We believe that recast, clarification request, elicitation, and repetition are totally inadequate for feedback generation on a computer. As to explicit correction, perhaps it could be done for grammar drills, but it is certainly much harder in semantically based drills. We assume that only metalinguistic feedback is fully compliant with the current state of human-computer interaction.
In all cases, we want learners to be informed about the error they made, the kind of error they made, and the possible reason why they made it. In addition, they can be directed to carry out some linguistic activity appropriate to help them remedy the problem.
1.2 Our Applications
The applications presented in this paper are all concerned with text comprehension. The first one, Grammcheck, presented in section 2 below, is an application for students of German which prompts them to create sentences for which they are given a sequence of base forms or lemmata. These lemmata are taken from a database of correct and incorrect sentences that constitutes the Linguistic Knowledge Database (LKD). We also use a large lexicon of German where lemmata are fully classified with subcategorization frames and morphological features. Knowledge in this case is resident both in the database and in the grammar contained in the analysis program—a robust parser of German.
The second application uses the same system as Grammcheck for German (see section 3 below). It is called GETARUN. Here we use its complete and deep version. The idea for these activities is to help students understand the relevance of linguistic and extralinguistic information in the grammatical analysis and the representation of sentences of a given language—English in this case. The system uses a top-down, depth-first definite clause grammar (DCG) parser with lookahead and a well-formed substring table (WFST) lookup in case of failure to improve efficiency. It implements the core and periphery grammar rule model accompanying the notion of Universal Grammar. This allows it to be multilingual, that is, it parses with the same grammar and set of parameters for German, English, and Italian. The important feature of the parser is the implementation of parsing strategies to allow for multiple analyses of a single input sentence to be appropriately executed.
In section 4, we discuss the generation of "Question-Answering" exercises which utilize linguistic knowledge and inferential processes on the basis of the output generated by GETARUN, our system for text understanding. The GETARUN system produces a complete parse of a text and a semantic mapping in line with situational semantics in the form of a discourse model (DM). The DM is used to generate questions and answers based on the text that the system analyzed and that the students had to read. Students are then given feedback on the question and answers they selected.

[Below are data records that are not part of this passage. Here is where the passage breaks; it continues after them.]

lemma norm_prod_inverse_diff_le:
  fixes u v :: "'i \<Rightarrow> 'a::real_normed_field"
  assumes m_pos: "\<And>i. i \<in> I \<Longrightarrow> 0 < m i"
    and u: "\<And>i. i \<in> I \<Longrightarrow> m i \<le> norm (u i)"
    and v: "\<And>i. i \<in> I \<Longrightarrow> m i \<le> norm (v i)"
  shows "norm ((\<Prod>i\<in>I. inverse (u i)) - (\<Prod>i\<in>I. inverse (v i))) * (\<Prod>i\<in>I. m i)
           \<le> (\<Sum>i\<in>I. norm (u i - v i) / m i)"
proof -
  define z where "z i = of_real (m i) * inverse (u i)" for i
  define w where "w i = of_real (m i) * inverse (v i)" for i
  have z: "norm (z i) \<le> 1" and w: "norm (w i) \<le> 1" if "i \<in> I" for i
    using m_pos[OF that] u[OF that] v[OF that]
    by (auto simp: z_def w_def norm_divide divide_inverse[symmetric] divide_le_eq_1)
  have zw: "norm (z i - w i) \<le> norm (u i - v i) / m i" if i: "i \<in> I" for i
  proof -
    have "u i \<noteq> 0" "v i \<noteq> 0" using m_pos[OF i] u[OF i] v[OF i] by auto
    then have "z i - w i = of_real (m i) * (v i - u i) / (u i * v i)"
      by (simp add: z_def w_def field_simps)
    then have "norm (z i - w i) = m i * norm (u i - v i) / (norm (u i) * norm (v i))"
      using m_pos[OF i] by (simp add: norm_mult norm_divide norm_minus_commute)
    also have "\<dots> \<le> m i * norm (u i - v i) / (m i * m i)"
      using m_pos[OF i] u[OF i] v[OF i] by (intro divide_left_mono mult_mono mult_pos_pos) auto
    also have "\<dots> = norm (u i - v i) / m i" using m_pos[OF i] by simp
    finally show ?thesis .
  qed
  have "(\<Prod>i\<in>I. z i) - (\<Prod>i\<in>I. w i)
      = of_real (\<Prod>i\<in>I. m i) * ((\<Prod>i\<in>I. inverse (u i)) - (\<Prod>i\<in>I. inverse (v i)))"
    by (simp add: z_def w_def prod.distrib right_diff_distrib)
  moreover have "(\<Prod>i\<in>I. m i) \<ge> 0" using m_pos by (simp add: less_imp_le prod_nonneg)
  ultimately have "norm ((\<Prod>i\<in>I. inverse (u i)) - (\<Prod>i\<in>I. inverse (v i))) * (\<Prod>i\<in>I. m i)
      = norm ((\<Prod>i\<in>I. z i) - (\<Prod>i\<in>I. w i))"
    by (simp add: norm_mult flip: of_real_prod)
  also have "\<dots> \<le> (\<Sum>i\<in>I. norm (z i - w i))"
    using z w by (rule norm_prod_diff)
  also have "\<dots> \<le> (\<Sum>i\<in>I. norm (u i - v i) / m i)"
    using zw by (rule sum_mono)
  finally show ?thesis .
qed

lemma inverse_mult_inverse_eq_partial_fractions:
  fixes a b y :: "'a::field"
  assumes "a \<noteq> y" "b \<noteq> y" "a \<noteq> b"
  shows "inverse (a - y) * inverse (b - y) = inverse (b - a) * (inverse (a - y) - inverse (b - y))"
  using assms by (simp add: field_simps)

lemma norm_cauchy_atom_le:
  assumes "nonreal_poles b"
  shows "cmod (cauchy_atom b x) \<le> (\<Prod>i\<in>UNIV. 1 / \<bar>Im (b i)\<bar>)"
  unfolding cauchy_atom_def prod_norm[symmetric]
proof (rule prod_mono)
  fix i
  have "0 < \<bar>Im (b i)\<bar>" using assms by (simp add: nonreal_poles_def)
  then show "0 \<le> cmod (inverse (b i - complex_of_real (x $ i))) \<and>
      cmod (inverse (b i - complex_of_real (x $ i))) \<le> 1 / \<bar>Im (b i)\<bar>"
    using abs_Im_le_norm_diff_of_real[of "b i" "x $ i"]
    by (simp add: norm_inverse le_imp_inverse_le divide_inverse)
qed

lemma norm_cauchy_atom_shift_le:
  assumes "nonreal_poles b"
  shows "cmod (cauchy_atom b x - cauchy_atom (\<lambda>i. b i + of_real s) x)
     \<le> \<bar>s\<bar> * (\<Sum>i\<in>UNIV. 1 / \<bar>Im (b i)\<bar>) / (\<Prod>i\<in>UNIV. \<bar>Im (b i)\<bar>)"
proof -
  have Im_pos: "0 < \<bar>Im (b i)\<bar>" for i using assms by (simp add: nonreal_poles_def)
  have "cmod (cauchy_atom b x - cauchy_atom (\<lambda>i. b i + of_real s) x) * (\<Prod>i\<in>UNIV. \<bar>Im (b i)\<bar>)
      \<le> (\<Sum>i\<in>UNIV.
            cmod ((b i - of_real (x $ i)) - (b i + of_real s - of_real (x $ i))) / \<bar>Im (b i)\<bar>)"
    unfolding cauchy_atom_def
  proof (rule norm_prod_inverse_diff_le)
    fix i
    show "0 < \<bar>Im (b i)\<bar>" by (rule Im_pos)
    show "\<bar>Im (b i)\<bar> \<le> cmod (b i - of_real (x $ i))"
      by (rule abs_Im_le_norm_diff_of_real)
    show "\<bar>Im (b i)\<bar> \<le> cmod (b i + of_real s - of_real (x $ i))"
      using abs_Im_le_norm_diff_of_real[of "b i + of_real s" "x $ i"] by simp
  qed
  moreover have "0 < (\<Prod>i\<in>UNIV. \<bar>Im (b i)\<bar>)" using Im_pos by (simp add: prod_pos)
  ultimately show ?thesis by (simp add: sum_distrib_left pos_le_divide_eq)
qed

lemma cauchy_atom_mult_partial_fractions:
  fixes b b' :: "'n::finite \<Rightarrow> complex"
  assumes "nonreal_poles b" "nonreal_poles b'" "\<And>i. b i \<noteq> b' i"
  shows "cauchy_atom b x * cauchy_atom b' x =
    (\<Sum>X\<in>Pow UNIV. ((\<Prod>i\<in>X. inverse (b' i - b i)) * (\<Prod>i\<in>-X. - inverse (b' i - b i))) *
       cauchy_atom (\<lambda>i. if i \<in> X then b i else b' i) x)"
proof -
  define d where "d i = inverse (b' i - b i)" for i
  define u where "u i = inverse (b i - complex_of_real (x $ i))" for i
  define v where "v i = inverse (b' i - complex_of_real (x $ i))" for i
  have "cauchy_atom b x * cauchy_atom b' x = (\<Prod>i\<in>UNIV. d i * u i + (- d i) * v i)"
    unfolding cauchy_atom_def prod.distrib[symmetric]
  proof (rule prod.cong)
    fix i
    show "inverse (b i - of_real (x $ i)) * inverse (b' i - of_real (x $ i))
        = d i * u i + - d i * v i"
      using inverse_mult_inverse_eq_partial_fractions[of "b i" "of_real (x $ i)" "b' i"]
        nonreal_poles_diff_nonzero[OF assms(1), of i "x $ i"]
        nonreal_poles_diff_nonzero[OF assms(2), of i "x $ i"] assms(3)[of i]
      by (simp add: d_def u_def v_def algebra_simps)
  qed simp
  also have "\<dots> = (\<Sum>X\<in>Pow UNIV. (\<Prod>i\<in>X. d i * u i) * (\<Prod>i\<in>UNIV - X. (- d i) * v i))"
    by (rule prod_add) simp
  also have "\<dots> = (\<Sum>X\<in>Pow UNIV. ((\<Prod>i\<in>X. d i) * (\<Prod>i\<in>-X. - d i)) *
       cauchy_atom (\<lambda>i. if i \<in> X then b i else b' i) x)"
  proof (rule sum.cong[OF refl])
    fix X :: "'n set"
    have "cauchy_atom (\<lambda>i. if i \<in> X then b i else b' i) x = (\<Prod>i\<in>X. u i) * (\<Prod>i\<in>-X. v i)"
      unfolding cauchy_atom_def Compl_eq_Diff_UNIV
      by (subst prod.subset_diff[of X])
        (auto simp: u_def v_def mult.commute intro!: prod.cong arg_cong2[where f="(*)"])
    then show "(\<Prod>i\<in>X. d i * u i) * (\<Prod>i\<in>UNIV - X. (- d i) * v i) =
        ((\<Prod>i\<in>X. d i) * (\<Prod>i\<in>-X. - d i)) * cauchy_atom (\<lambda>i. if i \<in> X then b i else b' i) x"
      by (simp only: prod.distrib Compl_eq_Diff_UNIV mult_ac)
  qed
  finally show ?thesis by (simp add: d_def)
qed

lemma cauchynet_approximable_atom_mult_distinct:
  assumes "nonreal_poles b" "nonreal_poles b'" "\<And>i. b i \<noteq> b' i"
  shows "cauchynet_approximable M (\<lambda>x. cauchy_atom b x * cauchy_atom b' x)"
  unfolding cauchy_atom_mult_partial_fractions[OF assms]
  using assms(1,2) by (intro cauchynet_approximable_sum cauchynet_approximable_atom)
    (auto simp: nonreal_poles_def)

lemma cauchy_atom_shift_uniformly_small:
  assumes b: "nonreal_poles b" and "\<delta> > 0"
  obtains s0 where "s0 > 0"
    and "\<And>s x. \<bar>s\<bar> < s0 \<Longrightarrow> cmod (cauchy_atom b x - cauchy_atom (\<lambda>i. b i + of_real s) x) < \<delta>"
proof
  define S where "S = (\<Sum>i\<in>UNIV. 1 / \<bar>Im (b i)\<bar>)"
  define P where "P = (\<Prod>i\<in>UNIV. \<bar>Im (b i)\<bar>)"
  have "S \<ge> 0" by (simp add: S_def sum_nonneg)
  have "P > 0" using b by (simp add: P_def nonreal_poles_def prod_pos)
  show "\<delta> * P / (S + 1) > 0" using \<open>\<delta> > 0\<close> \<open>P > 0\<close> \<open>S \<ge> 0\<close> by simp
  fix s x assume s: "\<bar>s\<bar> < \<delta> * P / (S + 1)"
  have "cmod (cauchy_atom b x - cauchy_atom (\<lambda>i. b i + of_real s) x) \<le> \<bar>s\<bar> * S / P"
    using norm_cauchy_atom_shift_le[OF b] by (simp add: S_def P_def)
  also have "\<dots> \<le> \<bar>s\<bar> * (S + 1) / P"
    using \<open>P > 0\<close> by (intro divide_right_mono mult_left_mono) auto
  also have "\<dots> < \<delta> * P / (S + 1) * (S + 1) / P"
    using s \<open>P > 0\<close> \<open>S \<ge> 0\<close> by (intro divide_strict_right_mono mult_strict_right_mono) auto
  also have "\<dots> = \<delta>"
    using \<open>P > 0\<close> \<open>S \<ge> 0\<close> by simp
  finally show "cmod (cauchy_atom b x - cauchy_atom (\<lambda>i. b i + of_real s) x) < \<delta>" .
qed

Finally, in section 5, exercises on "Essay Evaluation," which are cast into the more general problem of text summarization, are discussed. In this case, the system is used to perform multidocument sentence extraction on the basis of a statistically-based Summarizer. This summary is then compared with the student's summary.
2. GRAMMCHECK
The first application is a grammar checker for Italian students of German (and English) (see Delmonte, Chiran, & Bacalu, 2001; Delmonte, 2000a). It is based on the shallow parser of Italian used to produce the syntactic constituency for the National Treebank. The output of the parser is a bracketing of the input tagged word sequence which is then passed to the higher functional processor. This is a Lexical Functional Grammar (LFG)-based c-structure to f-structure mapping algorithm which has three tasks: the first task is to compute features from heads; the second is to compute agreement, and the third is to impose LFG's grammaticality principles of coherence and consistency to insure that the number and type of arguments are constrained by the lexical form of the governing predicate.
The parser uses a recursive transition network (RTN) which has been endowed with a grammar and a lexicon of German of about 8,000 entries. The grammar is written in the usual arc-transition nodes formalism, well known in augmented transition networks (ATN). However, the aim of the RTN is to produce a structured output both for well formed and ill formed grammatical sentences of German. To this end, we allowed the grammar to keep part of the rules of Italian at the appropriate structural level. Grammar checking is not accomplished at the constituent structure building level, but at the function-structure level.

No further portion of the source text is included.